=== Problem requirements ===
Copy out every line of the records where the string "dots" occurs.

=== Supplied material ===
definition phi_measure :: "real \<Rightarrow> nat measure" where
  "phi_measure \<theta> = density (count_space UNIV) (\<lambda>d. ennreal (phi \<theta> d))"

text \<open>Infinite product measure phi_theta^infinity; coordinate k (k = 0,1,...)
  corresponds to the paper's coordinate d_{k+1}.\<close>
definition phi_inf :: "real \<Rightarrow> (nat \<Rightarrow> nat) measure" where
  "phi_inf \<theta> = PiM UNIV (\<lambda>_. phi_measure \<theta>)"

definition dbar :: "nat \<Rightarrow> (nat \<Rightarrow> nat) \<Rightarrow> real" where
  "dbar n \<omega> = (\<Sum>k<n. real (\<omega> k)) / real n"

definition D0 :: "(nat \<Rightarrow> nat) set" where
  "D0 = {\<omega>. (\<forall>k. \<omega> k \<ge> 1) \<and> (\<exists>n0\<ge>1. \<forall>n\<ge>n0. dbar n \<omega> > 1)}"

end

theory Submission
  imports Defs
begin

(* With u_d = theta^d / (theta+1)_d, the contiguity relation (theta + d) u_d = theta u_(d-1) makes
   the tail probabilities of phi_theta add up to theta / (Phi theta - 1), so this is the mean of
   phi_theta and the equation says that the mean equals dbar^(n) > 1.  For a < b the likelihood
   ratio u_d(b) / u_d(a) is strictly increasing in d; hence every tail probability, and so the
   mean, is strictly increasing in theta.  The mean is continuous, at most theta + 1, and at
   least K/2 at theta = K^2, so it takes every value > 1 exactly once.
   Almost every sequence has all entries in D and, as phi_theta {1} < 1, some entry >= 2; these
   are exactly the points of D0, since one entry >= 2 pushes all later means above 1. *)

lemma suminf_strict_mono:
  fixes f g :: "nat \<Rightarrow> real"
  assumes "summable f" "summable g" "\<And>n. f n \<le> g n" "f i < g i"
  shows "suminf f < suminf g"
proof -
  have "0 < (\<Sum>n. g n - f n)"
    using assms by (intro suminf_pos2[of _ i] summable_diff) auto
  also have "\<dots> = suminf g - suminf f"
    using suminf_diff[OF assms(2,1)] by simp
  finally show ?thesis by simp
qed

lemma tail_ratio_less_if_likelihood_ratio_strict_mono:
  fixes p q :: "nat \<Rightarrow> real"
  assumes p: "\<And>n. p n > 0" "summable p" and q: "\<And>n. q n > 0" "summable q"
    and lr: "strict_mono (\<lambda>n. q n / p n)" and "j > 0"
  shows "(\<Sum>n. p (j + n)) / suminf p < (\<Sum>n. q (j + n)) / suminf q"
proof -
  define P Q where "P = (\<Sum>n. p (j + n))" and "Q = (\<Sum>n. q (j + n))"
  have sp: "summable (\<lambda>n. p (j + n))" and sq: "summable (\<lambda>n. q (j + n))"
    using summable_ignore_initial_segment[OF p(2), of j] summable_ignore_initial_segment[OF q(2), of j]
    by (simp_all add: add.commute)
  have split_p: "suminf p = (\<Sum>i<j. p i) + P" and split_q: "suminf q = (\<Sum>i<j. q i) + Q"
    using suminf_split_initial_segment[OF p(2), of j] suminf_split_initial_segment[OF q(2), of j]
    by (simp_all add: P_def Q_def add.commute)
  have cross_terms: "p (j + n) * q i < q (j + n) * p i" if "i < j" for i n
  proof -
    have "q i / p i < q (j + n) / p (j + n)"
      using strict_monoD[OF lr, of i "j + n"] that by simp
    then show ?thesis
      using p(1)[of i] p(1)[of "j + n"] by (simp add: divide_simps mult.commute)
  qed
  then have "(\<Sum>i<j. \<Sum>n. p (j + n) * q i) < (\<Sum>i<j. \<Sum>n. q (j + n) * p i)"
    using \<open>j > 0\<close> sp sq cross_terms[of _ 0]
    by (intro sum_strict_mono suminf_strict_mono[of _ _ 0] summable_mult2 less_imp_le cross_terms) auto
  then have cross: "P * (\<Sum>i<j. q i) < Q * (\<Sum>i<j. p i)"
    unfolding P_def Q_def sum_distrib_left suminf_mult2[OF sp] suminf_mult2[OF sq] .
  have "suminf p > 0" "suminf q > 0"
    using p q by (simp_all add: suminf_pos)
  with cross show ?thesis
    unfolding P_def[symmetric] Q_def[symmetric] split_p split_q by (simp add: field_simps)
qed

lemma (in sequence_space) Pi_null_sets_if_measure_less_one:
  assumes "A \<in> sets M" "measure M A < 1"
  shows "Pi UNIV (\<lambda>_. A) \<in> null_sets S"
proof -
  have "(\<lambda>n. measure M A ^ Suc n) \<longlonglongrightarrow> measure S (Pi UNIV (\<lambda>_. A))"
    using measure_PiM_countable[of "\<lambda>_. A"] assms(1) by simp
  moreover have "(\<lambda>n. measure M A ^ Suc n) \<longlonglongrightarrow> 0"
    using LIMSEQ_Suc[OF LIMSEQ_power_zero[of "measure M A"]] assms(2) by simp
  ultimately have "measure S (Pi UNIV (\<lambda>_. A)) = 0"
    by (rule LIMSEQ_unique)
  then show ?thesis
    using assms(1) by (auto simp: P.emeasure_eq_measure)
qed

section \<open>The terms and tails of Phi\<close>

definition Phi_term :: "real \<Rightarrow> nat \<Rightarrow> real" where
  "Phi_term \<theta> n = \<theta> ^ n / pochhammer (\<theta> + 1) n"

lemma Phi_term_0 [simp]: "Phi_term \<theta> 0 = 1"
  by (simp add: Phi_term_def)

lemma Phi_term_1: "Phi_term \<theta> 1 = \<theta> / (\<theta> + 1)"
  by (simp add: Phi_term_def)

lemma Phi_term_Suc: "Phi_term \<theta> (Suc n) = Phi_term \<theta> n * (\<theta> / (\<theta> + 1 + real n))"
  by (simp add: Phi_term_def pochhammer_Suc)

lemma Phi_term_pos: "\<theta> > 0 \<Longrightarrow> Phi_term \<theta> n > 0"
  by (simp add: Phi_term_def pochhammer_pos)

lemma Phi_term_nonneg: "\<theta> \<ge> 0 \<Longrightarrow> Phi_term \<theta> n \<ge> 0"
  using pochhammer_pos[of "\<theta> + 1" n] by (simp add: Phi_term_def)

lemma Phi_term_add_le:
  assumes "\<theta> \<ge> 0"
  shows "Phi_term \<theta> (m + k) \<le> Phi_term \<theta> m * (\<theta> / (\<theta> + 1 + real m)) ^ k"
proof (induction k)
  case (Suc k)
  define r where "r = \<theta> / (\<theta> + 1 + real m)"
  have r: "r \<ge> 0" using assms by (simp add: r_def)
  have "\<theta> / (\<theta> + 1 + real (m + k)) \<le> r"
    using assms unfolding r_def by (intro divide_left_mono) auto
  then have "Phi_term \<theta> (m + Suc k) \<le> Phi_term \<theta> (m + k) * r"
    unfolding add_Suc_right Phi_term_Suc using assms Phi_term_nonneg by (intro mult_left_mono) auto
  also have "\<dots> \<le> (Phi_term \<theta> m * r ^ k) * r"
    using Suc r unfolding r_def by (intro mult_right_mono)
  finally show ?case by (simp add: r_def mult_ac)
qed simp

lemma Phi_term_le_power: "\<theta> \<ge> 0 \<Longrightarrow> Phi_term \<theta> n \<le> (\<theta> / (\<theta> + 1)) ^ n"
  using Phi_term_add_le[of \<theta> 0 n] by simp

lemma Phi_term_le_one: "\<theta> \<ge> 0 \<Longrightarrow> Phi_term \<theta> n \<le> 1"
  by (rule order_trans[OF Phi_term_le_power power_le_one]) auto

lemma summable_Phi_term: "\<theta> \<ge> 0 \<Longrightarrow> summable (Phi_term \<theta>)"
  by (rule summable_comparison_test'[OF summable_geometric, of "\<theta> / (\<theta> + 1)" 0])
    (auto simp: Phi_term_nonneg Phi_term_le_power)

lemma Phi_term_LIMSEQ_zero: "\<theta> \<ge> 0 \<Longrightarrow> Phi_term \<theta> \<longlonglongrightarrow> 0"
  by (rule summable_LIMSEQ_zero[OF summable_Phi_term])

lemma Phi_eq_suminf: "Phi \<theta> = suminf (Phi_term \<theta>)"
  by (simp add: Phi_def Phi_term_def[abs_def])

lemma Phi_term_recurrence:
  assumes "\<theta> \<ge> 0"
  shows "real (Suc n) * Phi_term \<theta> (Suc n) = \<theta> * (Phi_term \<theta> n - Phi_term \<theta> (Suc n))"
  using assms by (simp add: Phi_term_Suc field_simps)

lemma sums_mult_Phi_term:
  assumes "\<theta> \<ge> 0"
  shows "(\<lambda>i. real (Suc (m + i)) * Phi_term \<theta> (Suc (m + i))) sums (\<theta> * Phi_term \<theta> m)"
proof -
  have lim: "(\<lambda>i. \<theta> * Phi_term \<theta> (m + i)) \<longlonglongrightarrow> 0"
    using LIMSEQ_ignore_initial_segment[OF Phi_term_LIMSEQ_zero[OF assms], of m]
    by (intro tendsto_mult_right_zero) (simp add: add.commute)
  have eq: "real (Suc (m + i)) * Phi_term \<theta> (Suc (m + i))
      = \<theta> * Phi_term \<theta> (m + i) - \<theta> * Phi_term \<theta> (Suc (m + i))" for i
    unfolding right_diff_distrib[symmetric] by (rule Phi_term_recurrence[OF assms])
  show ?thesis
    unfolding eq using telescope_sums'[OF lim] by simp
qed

=== Solution to this exercise ===
  also have "\<dots> = suminf g - suminf f"
  also have "\<dots> \<le> (Phi_term \<theta> m * r ^ k) * r"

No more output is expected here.